Democrats have opened their primary between front-runner Hillary Clinton and Vermont Sen. Bernie Sanders to voters who have no political affiliation.

However, the lawsuit alleges that elections officials in some of California's 58 counties aren't making that provision clear to unaffiliated voters.

Supporters of Sanders, whose candidacy has been boosted in other states by independent voters, are focused on the state's so-called "no party preference" voters, considering they account for roughly one-quarter of the state’s registered electorate.

According to the paper, Sanders volunteers were announcing to the crowd going into a campaign rally last week in Carson, Calif., that they had to be registered as either unaffiliated or a Democrat to vote. And those who were not were given step-by-step instructions about the process.

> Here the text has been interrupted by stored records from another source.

(* Every centrally essential ring that is right semi-Artinian, and every centrally essential ring that is semiperfect, is right quasi-invariant.
   Context: All rings are associative, unital and non-zero. $Z(A)$ denotes the center of a ring $A$. A ring $A$ is centrally essential if either $A$ is commutative or for every non-central element $a\in A$ there exist non-zero central elements $x,y\in Z(A)$ with $ax=y$. A ring is right quasi-invariant if every maximal right ideal of it is a two-sided ideal. *)

theory Defs
  imports Main
begin

text \<open>Rings are modelled by the type class ring_1 (associative, unital, possibly
non-commutative; zero_neq_one gives that the ring is non-zero).
A ring-theoretic property of the ring is a predicate on the type, passed via itself.\<close>

definition center :: "'a::ring_1 itself \<Rightarrow> 'a set" where
  "center _ = {z. \<forall>a::'a. z * a = a * z}"

definition centrally_essential :: "'a::ring_1 itself \<Rightarrow> bool" where
  "centrally_essential T \<longleftrightarrow>
     (\<forall>a b::'a. a * b = b * a) \<or>
     (\<forall>a::'a. a \<notin> center T \<longrightarrow>
        (\<exists>x\<in>center T. \<exists>y\<in>center T. x \<noteq> 0 \<and> y \<noteq> 0 \<and> a * x = y))"

definition right_ideal :: "'a::ring_1 set \<Rightarrow> bool" where
  "right_ideal I \<longleftrightarrow> 0 \<in> I \<and> (\<forall>x\<in>I. \<forall>y\<in>I. x + y \<in> I) \<and> (\<forall>x\<in>I. - x \<in> I)
     \<and> (\<forall>x\<in>I. \<forall>r. x * r \<in> I)"

definition left_ideal :: "'a::ring_1 set \<Rightarrow> bool" where
  "left_ideal I \<longleftrightarrow> 0 \<in> I \<and> (\<forall>x\<in>I. \<forall>y\<in>I. x + y \<in> I) \<and> (\<forall>x\<in>I. - x \<in> I)
     \<and> (\<forall>x\<in>I. \<forall>r. r * x \<in> I)"

definition two_sided_ideal :: "'a::ring_1 set \<Rightarrow> bool" where
  "two_sided_ideal I \<longleftrightarrow> right_ideal I \<and> left_ideal I"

The suit was filed Friday by Oakland civil rights attorney William Simpich, according to The Los Angeles Times.

He said a judge should require state elections officials to conduct a broad public-awareness campaign about the voting rules before May 31, the deadline for requesting a ballot by mail. And he wants voter registration to be extended through the June 7 balloting.

Clinton only needs about 90 of the 939 delegates still available in their party’s remaining seven contests to clinch the nomination, with 475 of them at stake in California.

The Republican Party did not open its California presidential primary, in which Donald Trump is running uncontested, to unaffiliated voters.